In the family of parents who have developed the ability to assimilate the amino acid phenylalanine, but have a visual defect – myopia, two children are born: one child is myopic, like his parents, but with no phenylketonuria disease; the second – with normal vision, but suffering from phenylketonuria. Determine what are the chances for children born in this family to be just like that, if it is known that the development of myopia is controlled by a dominant gene, and the presence of a disease such as phenylketonuria is controlled by a recessive gene, and both pairs of genes are located in different pairs of autosomes.
A – assimilate phenylalanine, and – phenylketoniria.
B – myopia, b – normal vision.
Parents: AaBb x AaBb,
Gametes: AB, Ab, ab, ab x AB, Ab, ab, ab.
Children: A * B *, aabb. Any of the alleles can be in place *.

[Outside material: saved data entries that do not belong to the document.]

(* Let $(X,d)$ be a compact metric space and $f\colon X\to X$ a continuous map that is c-expansive or equicontinuous. (1) If $f$ has the limit shadowing property, then $f|_{\Omega(f)}\colon\Omega(f)\to\Omega(f)$ also has the limit shadowing property. (2) $f$ has the limit shadowing property if and only if $f$ has the thick shadowing property.
   Context: For a continuous surjection $f$, let $X_f=\{(x_i)_{i\in\mathbb{Z}}\in X^{\mathbb{Z}}: f(x_i)=x_{i+1}\ \forall i\}$; $f$ is c-expansive if there is $e>0$ such that for $(x_i),(y_i)\in X_f$, $d(x_i,y_i)\le e$ for all $i$ implies $(x_i)=(y_i)$. $f$ is equicontinuous if for every $\epsilon>0$ there is $\delta>0$ such that $d(x,y)\le\delta$ implies $\sup_{n\ge0}d(f^n(x),f^n(y))\le\epsilon$. Limit shadowing property: every sequence $(x_i)_{i\ge0}$ with $\lim_i d(f(x_i),x_{i+1})=0$ admits $y\in X$ with $\lim_i d(x_i,f^i(y))=0$. $\Omega(f)$ is the set of non-wandering points. Let $\mathbb{N}_0=\{0,1,\dots\}$, $\mathcal{D}=\{A\subset\mathbb{N}_0:\lim_n\frac1n|A\cap\{0,\dots,n-1\}|=1\}$, $\mathcal{F}_t=\{B\subset\mathbb{N}_0:\forall n\ \exists j,\ \{j,\dots,j+n\}\subset B\}$. $f$ has the thick shadowing property if for every $\epsilon>0$ there is $\delta>0$ such that every sequence $(x_i)_{i\ge0}$ with $\{i:d(f(x_i),x_{i+1})\le\delta\}\in\mathcal{D}$ admits $x\in X$ with $\{i:d(x_i,f^i(x))\le\epsilon\}\in\mathcal{F}_t$. *)

theory Defs
  imports "HOL-Analysis.Analysis"
begin

text \<open>All dynamical notions are taken relative to a set X (the phase space) on which
  f acts; this allows restricting f to the invariant subset of non-wandering points.\<close>

definition full_orbits :: "'a set \<Rightarrow> ('a \<Rightarrow> 'a) \<Rightarrow> (int \<Rightarrow> 'a) set" where
  "full_orbits X f = {x. (\<forall>i. x i \<in> X) \<and> (\<forall>i. f (x i) = x (i + 1))}"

With such a crossing, the phenotype splitting in the offspring is always 9: 3: 3: 1:
9 nearsighted with phenylalanine metabolism, 3 nearsighted with phenylketonuria, 3 with normal vision using phenylalanine, 1 with normal vision and phenylketonuria. There are 16 options in total.
The probability that children will be nearsighted, absorbing phenylalanine is 9/16, and with normal vision and phenylketonuria – 1/16.